Burak Güven (born October 19, 1975) is a Turkish musician, bass player, and one of the backing singers in the rock band Mor ve Ötesi

== Early life ==
Güven was born in Istanbul, Turkey. From 1993 to 2000, he studied singing at the State Conservatory of Istanbul. Before he became a member of Mor ve Ötesi, he sang in the choir and opera.

At age 14, Güven bought his first guitar. At age 15, he joined Virus with four friends and was a vocalist. After disagreements with guitarist Erke Erokay, he left the group. He then worked with pop performer Eric Coker and sang in cafes and bars.

== Career ==
In 1993, Güven bought his first bass guitar. He was one of the first participants in Istanbul Blues Company. He toured and played bass guitar in four songs in their album Kökler. He sang in the opera Aşk İksiri and musical Anlat Şehrazat in 1997. He participated in Fahir Atakoğlu. His voice can be heard on the CD Senfonik Konser. He participated in the Mimi Festival in France with Nekropsi. He composes electronic music with his friend Tolga Enilmez, who is a member of that collective.

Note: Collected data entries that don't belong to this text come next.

lemma L2_inner_add_right:
  assumes "sq_int I f" "sq_int I g" "sq_int I h"
  shows "L2_inner I f (\<lambda>t. g t + h t) = L2_inner I f g + L2_inner I f h"
  using square_integrable_mult[of "lebesgue_on I" f g] square_integrable_mult[of "lebesgue_on I" f h] assms
  by (simp add: L2_inner_def sq_int_iff_square_integrable distrib_left)

lemma mult_square_one_pm_sqrt_divide:
  fixes A R :: real
  assumes "0 < A"
  shows "A * (1 - sqrt (R / A))\<^sup>2 = (sqrt A - sqrt R)\<^sup>2"
    and "A * (1 + sqrt (R / A))\<^sup>2 = (sqrt A + sqrt R)\<^sup>2"
proof -
  have "A * (1 - sqrt (R / A))\<^sup>2 = (sqrt A * (1 - sqrt R / sqrt A))\<^sup>2"
    using assms by (simp add: power_mult_distrib real_sqrt_divide)
  also have "sqrt A * (1 - sqrt R / sqrt A) = sqrt A - sqrt R"
    using assms by (simp add: right_diff_distrib)
  finally show "A * (1 - sqrt (R / A))\<^sup>2 = (sqrt A - sqrt R)\<^sup>2" .
  have "A * (1 + sqrt (R / A))\<^sup>2 = (sqrt A * (1 + sqrt R / sqrt A))\<^sup>2"
    using assms by (simp add: power_mult_distrib real_sqrt_divide)
  also have "sqrt A * (1 + sqrt R / sqrt A) = sqrt A + sqrt R"
    using assms by (simp add: distrib_left)
  finally show "A * (1 + sqrt (R / A))\<^sup>2 = (sqrt A + sqrt R)\<^sup>2" .
qed

lemma suminf_L2_inner_square_le:
  assumes h: "sq_int I h" and d: "\<And>m. sq_int I (d m)"
    and c: "summable c" "\<And>m. (L2_norm I (d m))\<^sup>2 \<le> c m"
  shows "summable (\<lambda>m. (L2_inner I h (d m))\<^sup>2)"
    and "(\<Sum>m. (L2_inner I h (d m))\<^sup>2) \<le> (\<Sum>m. c m) * (L2_norm I h)\<^sup>2"
proof -
  define H where "H = (L2_norm I h)\<^sup>2"
  have le: "(L2_inner I h (d m))\<^sup>2 \<le> H * c m" for m
    using L2_inner_square_le[OF h d, of m] mult_left_mono[OF c(2), of H m]
    by (simp add: H_def)
  have "summable (\<lambda>m. H * c m)"
    using c(1) by (rule summable_mult)
  then show summable: "summable (\<lambda>m. (L2_inner I h (d m))\<^sup>2)"
    by (rule summable_comparison_test') (simp add: le)
  show "(\<Sum>m. (L2_inner I h (d m))\<^sup>2) \<le> (\<Sum>m. c m) * H"
    using suminf_le[OF le summable \<open>summable (\<lambda>m. H * c m)\<close>] c(1)
    by (simp add: suminf_mult mult.commute)
qed

lemma is_frame_perturbation:
  assumes frame: "is_frame I f A B"
    and g: "\<And>m. sq_int I (g m)"
    and c: "summable c" "\<And>m. (L2_norm I (\<lambda>t. g m t - f m t))\<^sup>2 \<le> c m"
    and lt: "(\<Sum>m. c m) < A"
  shows "is_frame I g (A * (1 - sqrt ((\<Sum>m. c m) / A))\<^sup>2) (B * (1 + sqrt ((\<Sum>m. c m) / B))\<^sup>2)"
proof -
  define R where "R = (\<Sum>m. c m)"
  have "A > 0" "B > 0" and f: "\<And>m. sq_int I (f m)"
    and frame_ineqs: "\<And>h. sq_int I h \<Longrightarrow> summable (\<lambda>m. (L2_inner I h (f m))\<^sup>2) \<and>
        A * (L2_norm I h)\<^sup>2 \<le> (\<Sum>m. (L2_inner I h (f m))\<^sup>2) \<and>
        (\<Sum>m. (L2_inner I h (f m))\<^sup>2) \<le> B * (L2_norm I h)\<^sup>2"
    using frame by (auto simp: is_frame_def)
  have d: "sq_int I (\<lambda>t. g m t - f m t)" for m
    using square_integrable_diff[of "lebesgue_on I" "g m" "f m"] f g
    by (simp add: sq_int_iff_square_integrable)
  have "0 \<le> c m" for m
    using c(2)[of m] order_trans zero_le_power2 by blast
  then have "0 \<le> R"
    using c(1) by (simp add: R_def suminf_nonneg)
  have "sqrt R < sqrt A"
    using lt by (simp add: R_def)
  show ?thesis
    unfolding is_frame_def R_def[symmetric]
      mult_square_one_pm_sqrt_divide[OF \<open>A > 0\<close>] mult_square_one_pm_sqrt_divide[OF \<open>B > 0\<close>]
  proof (intro conjI allI impI)
    show "0 < (sqrt A - sqrt R)\<^sup>2"
      using \<open>sqrt R < sqrt A\<close> by simp
    show "0 < (sqrt B + sqrt R)\<^sup>2"
      using add_pos_nonneg[of "sqrt B" "sqrt R"] \<open>B > 0\<close> \<open>0 \<le> R\<close> by simp
    show "sq_int I (g m)" for m
      by (rule g)
    fix h
    assume h: "sq_int I h"
    define H where "H = (L2_norm I h)\<^sup>2"
    define a where "a m = L2_inner I h (f m)" for m
    define b where "b m = L2_inner I h (\<lambda>t. g m t - f m t)" for m
    have inner_g: "L2_inner I h (g m) = a m + b m" for m
      using L2_inner_add_right[OF h f[of m] d[of m]] by (simp add: a_def b_def)
    have a: "summable (\<lambda>m. (a m)\<^sup>2)"
      and lower: "A * H \<le> (\<Sum>m. (a m)\<^sup>2)" and upper: "(\<Sum>m. (a m)\<^sup>2) \<le> B * H"
      using frame_ineqs[OF h] by (simp_all add: a_def H_def)
    have b: "summable (\<lambda>m. (b m)\<^sup>2)" and small: "(\<Sum>m. (b m)\<^sup>2) \<le> R * H"
      using suminf_L2_inner_square_le[OF h d c] by (simp_all add: b_def R_def H_def)
    have "0 \<le> H" "R \<le> A"
      using lt by (simp_all add: H_def R_def)
    note bounds = suminf_square_perturbation_bounds[OF a b lower upper small \<open>0 \<le> H\<close> \<open>0 \<le> R\<close> \<open>R \<le> A\<close>]
    show "(sqrt A - sqrt R)\<^sup>2 * (L2_norm I h)\<^sup>2 \<le> (\<Sum>m. (L2_inner I h (g m))\<^sup>2)"
      "(\<Sum>m. (L2_inner I h (g m))\<^sup>2) \<le> (sqrt B + sqrt R)\<^sup>2 * (L2_norm I h)\<^sup>2"
      using bounds by (simp_all only: inner_g H_def)
    show "summable (\<lambda>m. (L2_inner I h (g m))\<^sup>2)"
      unfolding inner_g by (rule suminf_square_triangle_ineq(1)[OF a b])
  qed
qed

section \<open>The fractal convolution with the null function\<close>

lemma partition_less:
  assumes part: "is_partition x N" and "i < j" "j \<le> N"
  shows "x i < x j"
  using assms(2,3)
proof (induction j)
  case 0
  then show ?case by simp
next
  case (Suc j)
  have "x j < x (Suc j)"
    using part Suc.prems by (simp add: is_partition_def)
  with Suc show ?case
    by (cases "i = j") auto
qed

lemma partition_le:
  "is_partition x N \<Longrightarrow> i \<le> j \<Longrightarrow> j \<le> N \<Longrightarrow> x i \<le> x j"
  using partition_less[of x N i j] by (cases "i = j") auto

lemma Isub_disjoint:
  assumes part: "is_partition x N" and "n \<in> {1..N}" "k \<in> {1..N}"
    and "t \<in> Isub x n" "t \<in> Isub x k"
  shows "n = k"
proof -
  have False if "i < j" "i \<in> {1..N}" "j \<in> {1..N}" "t \<in> Isub x i" "t \<in> Isub x j" for i j
  proof -
    have "t \<le> x i"
      using that by (auto simp: Isub_def split: if_splits)
    also have "x i \<le> x (j - 1)"
      using partition_le[OF part, of i "j - 1"] that by auto
    also have "x (j - 1) < t"
      using that by (auto simp: Isub_def split: if_splits)
    finally show False by simp
  qed
  then show ?thesis
    using assms by (metis linorder_neqE_nat)
qed

lemma Linv_mem_Ival:
  assumes part: "is_partition x N" and n: "n \<in> {1..N}" and t: "t \<in> Isub x n"
  shows "Linv x N n t \<in> Ival x N"
proof -
  define r where "r = (t - x (n - 1)) / (x n - x (n - 1))"
  have "x (n - 1) < x n" "x 0 < x N"
    using n part partition_less[OF part] by (auto simp: is_partition_def)
  moreover have "x (n - 1) \<le> t" "t \<le> x n"
    using n t by (auto simp: Isub_def split: if_splits)
  ultimately have "0 \<le> r" "r \<le> 1" "x 0 < x N"
    by (auto simp: r_def)
  then have "0 \<le> r * (x N - x 0)" "r * (x N - x 0) \<le> x N - x 0"
    using mult_right_mono[of r 1 "x N - x 0"] by simp_all
  moreover have "Linv x N n t = x 0 + r * (x N - x 0)"
    by (simp add: Linv_def r_def)
  ultimately show ?thesis
    by (simp add: Ival_def)
qed

lemma Linv_eq_affine:
  "Linv x N n t = (x 0 - x (n - 1) * ((x N - x 0) / (x n - x (n - 1))))
     + (x N - x 0) / (x n - x (n - 1)) * t"
  unfolding Linv_def by (simp add: divide_inverse algebra_simps)

lemma Linv_slope_pos:
  "is_partition x N \<Longrightarrow> n \<in> {1..N} \<Longrightarrow> 0 < (x N - x 0) / (x n - x (n - 1))"
  using partition_less[of x N] by (auto simp: is_partition_def)

lemma Linv_measurable:
  assumes "is_partition x N" "n \<in> {1..N}"
  shows "Linv x N n \<in> lebesgue \<rightarrow>\<^sub>M lebesgue"
proof -
  define s where "s = (x N - x 0) / (x n - x (n - 1))"
  have "s \<noteq> 0"
    using Linv_slope_pos[OF assms] unfolding s_def by linarith
  then have "(\<lambda>t. (x 0 - x (n - 1) * s) + s * t) \<in> lebesgue \<rightarrow>\<^sub>M lebesgue"
    using lebesgue_affine_measurable[where c="\<lambda>_::real. s"] by simp
  moreover have "Linv x N n = (\<lambda>t. (x 0 - x (n - 1) * s) + s * t)"
    by (rule ext) (simp only: Linv_eq_affine s_def)
  ultimately show ?thesis
    by simp
qed

lemma nn_integral_Linv:
  assumes "is_partition x N" "n \<in> {1..N}" and \<phi>: "\<phi> \<in> borel_measurable lebesgue"
  shows "(\<integral>\<^sup>+t. \<phi> (Linv x N n t) \<partial>lebesgue)
    = ennreal ((x n - x (n - 1)) / (x N - x 0)) * (\<integral>\<^sup>+s. \<phi> s \<partial>lebesgue)"
proof -
  define s where "s = (x N - x 0) / (x n - x (n - 1))"
  have "s > 0"
    using Linv_slope_pos[OF assms(1,2)] unfolding s_def .
  have Linv: "Linv x N n t = (x 0 - x (n - 1) * s) + s * t" for t
    by (simp only: Linv_eq_affine s_def)
  have "(\<integral>\<^sup>+s. \<phi> s \<partial>lebesgue) = ennreal \<bar>s\<bar> * (\<integral>\<^sup>+t. \<phi> ((x 0 - x (n - 1) * s) + s * t) \<partial>lebesgue)"
    using \<open>s > 0\<close> by (intro nn_integral_real_affine_lebesgue[OF \<phi>]) simp
  also have "\<dots> = ennreal s * (\<integral>\<^sup>+t. \<phi> (Linv x N n t) \<partial>lebesgue)"
    using \<open>s > 0\<close> by (simp only: Linv abs_of_pos)
  finally have "ennreal (1 / s) * (\<integral>\<^sup>+s. \<phi> s \<partial>lebesgue)
      = ennreal (1 / s) * ennreal s * (\<integral>\<^sup>+t. \<phi> (Linv x N n t) \<partial>lebesgue)"
    by (simp add: mult.assoc)
  also have "ennreal (1 / s) * ennreal s = 1"
    using \<open>s > 0\<close> by (simp flip: ennreal_mult)
  finally show ?thesis
    by (simp add: s_def)
qed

In 1997, he became a member of Mor ve Ötesi, replacing Alper Tekin.

In 2008, as a member of Mor ve Ötesi, Güven competed in the Eurovision Song Contest. The band finished seventh with 138 points for their song Deli.

In January 2009, the album Astronot of Ayça Şen was released, produced by Burak Güven.

In 2024, he released a solo album, 18, under the pseudonym Muganni.